El Espíritu Santo como fuego (He 2,3)

La segunda imagen con la que Lucas describe el misterio de Pentecostés es el fuego: «Se les aparecieron como lenguas de fuego, que se repartían y se posaban sobre cada uno de ellos» (He 2,3). Mientras el trueno es audible, las lenguas de fuego son visibles. También se puede ver al Espíritu Santo. Ese es el misterio de Pentecostés, que lo invisible se hace visible. La imagen de las lenguas de fuego se conoce a lo largo de toda la literatura rabínica. La palabra de Dios puede posarse sobre cada uno como lengua de fuego. Con la imagen de las llamas de fuego compartidas, Lucas describe que cada individuo se verá lleno del Espíritu Santo, que el Espíritu de Dios iluminará a cada persona.

El fuego es algo sagrado en muchas culturas. Mientras el agua mana de la tierra, el fuego viene del cielo. El cielo es algo divino. No en vano existe en muchas culturas el fuego de Dios. El fuego puede purificar y renovar. Depura la imperfección. El oro se refina en el fuego. Se queman todos los residuos, para que lo que sobre sea el oro sobrante. El Espíritu Santo también quiere quemar en nosotros todo lo que nos obstaculiza en la vida.
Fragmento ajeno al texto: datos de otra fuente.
(* Let "opt" denote either "mV" or "mVc", and suppose the subsampling probabilities are $\pi_i=\pi_i^{opt}=r\frac{h_i^{opt}\wedge M}{\sum_{j=1}^n(h_j^{opt}\wedge M)}$ with $k$ and $M$ defined from $\{h_i^{opt}\}$ as in the context. Index the data points by the increasing order of $h^{opt}$, so that $h^{opt}_{(i)}$ is the $i$-th smallest value and $h^{mV}_{(i)}$ denotes the value of $h^{mV}$ at that same data point. Then the asymptotic MSE of $\tilde\theta$ given $\mathcal{D}_n$, namely $\mathrm{tr}(\tilde\Sigma)$, equals $$\frac{4}{n^2(r-k)}\Big[\sum_{i=1}^{n-k}h^{opt}_{(i)}\Big]\sum_{i=1}^{n-k}\frac{[h^{mV}_{(i)}]^2}{h^{opt}_{(i)}}-\frac{4}{n^2}\sum_{i=1}^{n-k}[h^{mV}_{(i)}]^2.$$ In particular, for opt $=$ mV this minimum value of $\mathrm{tr}(\tilde\Sigma)$ over all admissible probabilities equals $$\frac{4}{n^2(r-k)}\Big[\sum_{i=1}^{n-k}h^{mV}_{(i)}\Big]^2-\frac{4}{n^2}\sum_{i=1}^{n-k}[h^{mV}_{(i)}]^2.$$
   Context: Physical data $\mathcal{D}_n=\{(x_i,y_i^p)\}_{i=1}^n$; $\hat y^s(x,\theta)$ is a surrogate of a computer model, differentiable in $\theta\in\Theta\subset\mathbb{R}^q$; $\hat\theta=\arg\min_{\theta\in\Theta}\frac1n\sum_i[y_i^p-\hat y^s(x_i,\theta)]^2$; $g_i=\nabla_\theta\hat y^s(x_i,\hat\theta)$; $\tilde J=\frac1n\sum_i\frac{\partial^2[y_i^p-\hat y^s(x_i,\hat\theta)]^2}{\partial\theta\partial\theta^T}$ (assumed invertible). $h_i^{mV}=|y_i^p-\hat y^s(x_i,\hat\theta)|(g_i^T\tilde J^{-2}g_i)^{1/2}$, $h_i^{mVc}=|y_i^p-\hat y^s(x_i,\hat\theta)|(g_i^Tg_i)^{1/2}$. Given $h^{opt}$ (either $h^{mV}$ or $h^{mVc}$) with order statistics $h^{opt}_{(1)}\le\dots\le h^{opt}_{(n)}$, $h^{opt}_{(n+1)}=\infty$, $r\in\{1,\dots,n-1\}$ and $h^{opt}_{(n-r)}>0$: $k=\min\{s:0\le s\le r,(r-s)h^{opt}_{(n-s)}<\sum_{i=1}^{n-s}h^{opt}_{(i)}\}$, $M=\frac{1}{r-k}\sum_{i=1}^{n-k}h^{opt}_{(i)}$. For probabilities $\pi_i\in(0,1]$ with $\sum_i\pi_i=r$: $\tilde V=\frac{4}{n^2}\sum_i\frac{1-\pi_i}{\pi_i}[y_i^p-\hat y^s(x_i,\hat\theta)]^2g_ig_i^T$, $\tilde\Sigma=\tilde J^{-1}\tilde V\tilde J^{-1}$. *)

theory Defs
  imports "HOL-Analysis.Analysis"
begin

text \<open>Data points are indexed by 0..n-1. Order statistics hs are 1-indexed: hs 1 \<le> ... \<le> hs n.\<close>

definition kidx :: "(nat \<Rightarrow> real) \<Rightarrow> nat \<Rightarrow> nat \<Rightarrow> nat" where
  "kidx hs n r = (LEAST s. s \<le> r \<and> real (r - s) * hs (n - s) < (\<Sum>i=1..n-s. hs i))"

definition Mthr :: "(nat \<Rightarrow> real) \<Rightarrow> nat \<Rightarrow> nat \<Rightarrow> real" where
  "Mthr hs n r = (\<Sum>i=1..n - kidx hs n r. hs i) / real (r - kidx hs n r)"

definition outer :: "real^'q \<Rightarrow> real^'q \<Rightarrow> real^'q^'q" where
  "outer u v = (\<chi> a b. u $ a * v $ b)"

definition loss :: "nat \<Rightarrow> ('x \<Rightarrow> real^'q \<Rightarrow> real) \<Rightarrow> (nat \<Rightarrow> 'x) \<Rightarrow> (nat \<Rightarrow> real)
    \<Rightarrow> real^'q \<Rightarrow> real" where
  "loss n ys x yp \<theta> = (1 / real n) * (\<Sum>i<n. (yp i - ys (x i) \<theta>)^2)"

definition is_hessian_at :: "(real^'q \<Rightarrow> real) \<Rightarrow> real^'q^'q \<Rightarrow> real^'q \<Rightarrow> bool" where
  "is_hessian_at L J th \<longleftrightarrow> (\<exists>G. (\<forall>\<^sub>F \<theta> in nhds th. (L has_derivative (\<lambda>d. G \<theta> \<bullet> d)) (at \<theta>))
       \<and> (G has_derivative (\<lambda>d. J *v d)) (at th))"

end

theory Submission
  imports Defs
begin

(* With pi_i proportional to min (h_i, M), the defining property of k says that the capped
   values min (h_(i), M) sum to r M with exactly the k largest ones capped.  Hence
   pi_(i) = h_(i) / M below the cap and pi_(i) = 1 above it, so the capped points drop out of
   tr Sigma = 4/n^2 sum_i (1 - pi_i) / pi_i * e_i^2 g_i^T J^-2 g_i, and every other point
   contributes M (h^mV)^2 / h^opt - (h^mV)^2.  Reading e_i^2 g_i^T J^-2 g_i as (h^mV_i)^2 needs
   g^T J^-2 g >= 0, i.e. a symmetric J: this is Schwarz's theorem for a Hessian that exists only
   at the point theta, proved by a mean-value estimate of second differences. *)

lemma second_difference_mean_value:
  fixes L :: "'a::real_inner \<Rightarrow> real"
  assumes "0 \<le> t"
    and dL1: "\<And>s. 0 \<le> s \<Longrightarrow> s \<le> t \<Longrightarrow>
               (L has_derivative (\<lambda>d. G (x + s *\<^sub>R u + t *\<^sub>R v) \<bullet> d)) (at (x + s *\<^sub>R u + t *\<^sub>R v))"
    and dL2: "\<And>s. 0 \<le> s \<Longrightarrow> s \<le> t \<Longrightarrow>
               (L has_derivative (\<lambda>d. G (x + s *\<^sub>R u) \<bullet> d)) (at (x + s *\<^sub>R u))"
  obtains \<xi> where "0 \<le> \<xi>" "\<xi> \<le> t"
    "L (x + t *\<^sub>R u + t *\<^sub>R v) - L (x + t *\<^sub>R u) - L (x + t *\<^sub>R v) + L x
       = t * ((G (x + \<xi> *\<^sub>R u + t *\<^sub>R v) - G (x + \<xi> *\<^sub>R u)) \<bullet> u)"
proof -
  define \<phi> where "\<phi> s = L (x + s *\<^sub>R u + t *\<^sub>R v) - L (x + s *\<^sub>R u)" for s
  have "(\<phi> has_derivative (\<lambda>h. G (x + s *\<^sub>R u + t *\<^sub>R v) \<bullet> (h *\<^sub>R u) - G (x + s *\<^sub>R u) \<bullet> (h *\<^sub>R u)))
          (at s within {0..t})" if "0 \<le> s" "s \<le> t" for s
  proof -
    have "((\<lambda>s. x + s *\<^sub>R u + t *\<^sub>R v) has_derivative (\<lambda>h. h *\<^sub>R u)) (at s within {0..t})"
      and "((\<lambda>s. x + s *\<^sub>R u) has_derivative (\<lambda>h. h *\<^sub>R u)) (at s within {0..t})"
      by (auto intro!: derivative_eq_intros)
    from has_derivative_compose[OF this(1) dL1[OF that]] has_derivative_compose[OF this(2) dL2[OF that]]
    show ?thesis
      unfolding \<phi>_def by (rule has_derivative_diff)
  qed
  from mvt_very_simple[OF \<open>0 \<le> t\<close> this] obtain \<xi> where "\<xi> \<in> {0..t}"
    "\<phi> t - \<phi> 0 = G (x + \<xi> *\<^sub>R u + t *\<^sub>R v) \<bullet> ((t - 0) *\<^sub>R u) - G (x + \<xi> *\<^sub>R u) \<bullet> ((t - 0) *\<^sub>R u)"
    by blast
  moreover have "\<phi> t - \<phi> 0 = L (x + t *\<^sub>R u + t *\<^sub>R v) - L (x + t *\<^sub>R u) - L (x + t *\<^sub>R v) + L x"
    by (simp add: \<phi>_def)
  ultimately show thesis
    by (intro that[of \<xi>]) (simp_all add: inner_diff_left right_diff_distrib)
qed

lemma second_difference_approx:
  fixes L :: "'a::real_inner \<Rightarrow> real" and G :: "'a \<Rightarrow> 'a"
  assumes H: "linear H"
    and dL: "\<And>y. norm (y - x) < \<delta> \<Longrightarrow> (L has_derivative (\<lambda>d. G y \<bullet> d)) (at y)"
    and dG: "\<And>y. norm (y - x) < \<delta> \<Longrightarrow> norm (G y - G x - H (y - x)) \<le> e * norm (y - x)"
    and e: "0 \<le> e" and t: "0 < t" and small: "t * (norm u + norm v + 1) < \<delta>"
  shows "\<bar>L (x + t *\<^sub>R u + t *\<^sub>R v) - L (x + t *\<^sub>R u) - L (x + t *\<^sub>R v) + L x - t^2 * (H v \<bullet> u)\<bar>
           \<le> 2 * e * t^2 * (norm u + norm v + 1)^2"
proof -
  define B where "B = norm u + norm v + 1"
  have B: "0 \<le> B" "norm u \<le> B" "t * B < \<delta>" using small by (simp_all add: B_def)
  have near: "norm (s *\<^sub>R u + t *\<^sub>R v) \<le> t * B" "norm (s *\<^sub>R u) \<le> t * B" if "0 \<le> s" "s \<le> t" for s
  proof -
    have "norm (s *\<^sub>R u) \<le> t * norm u" using that by (simp add: mult_right_mono)
    moreover have "norm (s *\<^sub>R u + t *\<^sub>R v) \<le> norm (s *\<^sub>R u) + t * norm v"
      using norm_triangle_ineq[of "s *\<^sub>R u" "t *\<^sub>R v"] t by simp
    moreover have "t * norm u + t * norm v \<le> t * B" "t * norm u \<le> t * B"
      using t by (simp_all add: B_def distrib_left)
    ultimately show "norm (s *\<^sub>R u + t *\<^sub>R v) \<le> t * B" "norm (s *\<^sub>R u) \<le> t * B"
      by linarith+
  qed
  have close: "norm (s *\<^sub>R u + t *\<^sub>R v) < \<delta>" "norm (s *\<^sub>R u) < \<delta>" if "0 \<le> s" "s \<le> t" for s
    using near[OF that] B by linarith+
  define R where "R y = G y - G x - H (y - x)" for y
  have R: "norm (R (x + a)) \<le> e * (t * B)" if "norm a \<le> t * B" for a
  proof -
    have "norm (R (x + a)) \<le> e * norm a" using dG[of "x + a"] that B by (simp add: R_def)
    also have "\<dots> \<le> e * (t * B)" using that e by (rule mult_left_mono)
    finally show ?thesis .
  qed
  obtain \<xi> where \<xi>: "0 \<le> \<xi>" "\<xi> \<le> t" and mv:
    "L (x + t *\<^sub>R u + t *\<^sub>R v) - L (x + t *\<^sub>R u) - L (x + t *\<^sub>R v) + L x
       = t * ((G (x + \<xi> *\<^sub>R u + t *\<^sub>R v) - G (x + \<xi> *\<^sub>R u)) \<bullet> u)"
    by (rule second_difference_mean_value[of t L G x u v])
      (use t close in \<open>auto intro!: dL simp: add.assoc\<close>)
  define a where "a = \<xi> *\<^sub>R u + t *\<^sub>R v"
  define b where "b = \<xi> *\<^sub>R u"
  have "G (x + a) - G (x + b) = t *\<^sub>R H v + (R (x + a) - R (x + b))"
    unfolding R_def a_def b_def by (simp add: linear_add[OF H] linear_scale[OF H])
  with mv have diff: "L (x + t *\<^sub>R u + t *\<^sub>R v) - L (x + t *\<^sub>R u) - L (x + t *\<^sub>R v) + L x - t^2 * (H v \<bullet> u)
      = t * ((R (x + a) - R (x + b)) \<bullet> u)"
    unfolding a_def b_def by (simp add: power2_eq_square algebra_simps)
  have "\<bar>(R (x + a) - R (x + b)) \<bullet> u\<bar> \<le> (norm (R (x + a)) + norm (R (x + b))) * norm u"
    using Cauchy_Schwarz_ineq2[of "R (x + a) - R (x + b)" u] norm_triangle_ineq4[of "R (x + a)" "R (x + b)"]
    by (meson mult_right_mono norm_ge_zero order_trans)
  also have "\<dots> \<le> (2 * e * (t * B)) * B"
    using R[of a] R[of b] near \<xi> B e t unfolding a_def b_def
    by (intro mult_mono) auto
  finally show ?thesis
    using t unfolding diff B_def[symmetric] by (simp add: abs_mult power2_eq_square mult_left_mono mult_ac)
qed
En nosotros hay mucha oscuridad, espíritus turbios como la amargura, la infelicidad, enfermedades, injurias. Todos estos espíritus turbios nos impiden vivir. No podemos tomar ninguna decisión clara. Estamos enturbiados por nuestro pesar, nuestros celos, nuestros sentimientos de inferioridad. Entonces echamos de menos el fuego del Espíritu Santo, que quema todo lo turbio y desteñido que hay en nosotros, para que podamos decidir con un corazón acendrado y limpio. El fuego prepara un nuevo nacimiento en un plano superior. Cuando arde lo viejo en nosotros puede surgir nueva vida en nosotros.

El fuego también es una metáfora de la vida. Las personas pueden tener ojos fogosos. Algo emana de ellos. Hacen saltar una chispa sobre los demás. Irradian vida, felicidad, consciencia. No se puede escapar a su carisma. Pero no sólo es un fuego templado lo que muchos ojos expresan, sino que también está el fuego trémulo que estremece. Sospechamos que hay algo malo y voluble en esa persona. Cuando pedimos el fuego del Espíritu Santo estamos pidiendo el fuego que despierta la vida, que vuelve a encender el fuego que se ha extinguido en nosotros. Muchos se sienten hoy vacíos y apagados. El síndrome del quemado abunda sobre todo entre personas que desempeñan trabajos sociales, que agotan sus fuerzas por los demás. Sólo el que arde puede apagarse. Pero estas personas han olvidado arropar, tal y como Henry Nouwen comprende como tarea de la vida espiritual. Siempre tienen abiertas las puertas de su horno. Por eso en ellos hay aún cenizas. Están resignados y decepcionados, sin fuerzas y sin fuego. Pentecostés quiere decirnos que en lo más profundo de nuestro corazón no son cenizas lo que arde, sino un fuego que es capaz de volver a encender el cuerpo y el alma. No en vano llevamos en Pentecostés las vestiduras litúrgicas rojas, para recordarnos mutuamente el fuego interior. Celebramos Pentecostés para que las ascuas de nuestro interior vuelvan a encenderse en fuego que caliente y alegre a los demás, en el que descubran su propia vida.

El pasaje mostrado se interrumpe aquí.